The following functions basically split a list of numbers in the following way:
{0, 1, 2, 3, 4, 5, 6, 7}
into
{0, 2, 4, 6, 1, 3, 5, 7}
It takes values at odd indices (in this example represented by odd numbers),
and places them in the upper half of the array. Even indexed values are
consequently moved to the beginning half. At then end, they are also ordered in
the initial ordering, except split by the even/oddness of their index.

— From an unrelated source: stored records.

lemma csc_position_collinear:
  fixes S :: "(real^2) set"
  assumes "finite S" "collinear S"
  shows "csc_position S"
proof -
  obtain a v0 where line0: "\<forall>x\<in>S. \<exists>t. x = a + t *\<^sub>R v0"
    using assms(2) collinear_alt by blast
  define v :: "real^2" where "v = (if v0 = 0 then vector [1, 0] else v0)"
  have line: "\<exists>t. x = a + t *\<^sub>R v" if "x \<in> S" for x
    using line0 that by (cases "v0 = 0") (auto simp: v_def)
  have "v \<noteq> 0" unfolding v_def by (metis vector_2(1) zero_index zero_neq_one)
  define n :: "real^2" where "n = vector [v$2, - v$1]"
  have "det2 n v = v \<bullet> v" by (simp add: n_def det2_def inner_real2)
  then have D: "det2 n v \<noteq> 0" using \<open>v \<noteq> 0\<close> by simp
  have "n \<bullet> v = 0" by (simp add: n_def inner_real2)
  then have n_const: "n \<bullet> x = n \<bullet> a" if "x \<in> S" for x
    using line[OF that] by (auto simp: inner_add_right)
  define R where "R = (\<Sum>x\<in>S. \<bar>v \<bullet> x\<bar>)"
  have R: "\<bar>v \<bullet> x\<bar> \<le> R" if "x \<in> S" for x
    unfolding R_def by (rule member_le_sum[OF that _ assms(1)]) simp
  show ?thesis
  proof (rule csc_position_parallelogram[OF D, of "n \<bullet> a" "n \<bullet> a + 1" "- R" "R + 1"])
    have "0 \<le> R" unfolding R_def by (simp add: sum_nonneg)
    then show "- R < R + 1" by simp
    show "S \<subseteq> parallelogram n v (n \<bullet> a) (n \<bullet> a + 1) (- R) (R + 1)"
      using n_const R by (fastforce simp: parallelogram_def abs_le_iff)
  qed (use n_const in auto)
qed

This was the initial function:
*/
void split(double *vals, int length){
int start = 1;
int end = length-1;
while (start < end) {
int i;
double tmp;
for (i = start; i < end; i = i + 2) {
tmp = vals[i];
vals[i] = vals[i+1];
vals[i+1] = tmp;
}
start = start + 1;
end = end - 1;
}
}
/*
It runs in O(n^2) time. For example, with a data set that had a length
of 2^16, it took around 3.39 seconds to apply the function.
I replaced it with this:
*/
void split(double *vals, int length){
int half = length / 2;
// Split even and odd
for(int i = 0; i < (half / 2); ++i){
int even = i * 2;
int odd = even + 1;
double t = vals[odd];
vals[odd] = vals[half + even];
vals[half + even] = t;
}
// Now recurse on each half
if(half >= 4){
liftSplit(vals, half);
liftSplit(vals + half, half);
}
}
/*
Basically, it gets halfway to the right answer, then does the same set
of operations on each half of the list, and so on and so on. The complexity
for this function is O(n), which is much better. This version of the
function takes 0.004 seconds to do the same work as the previous function.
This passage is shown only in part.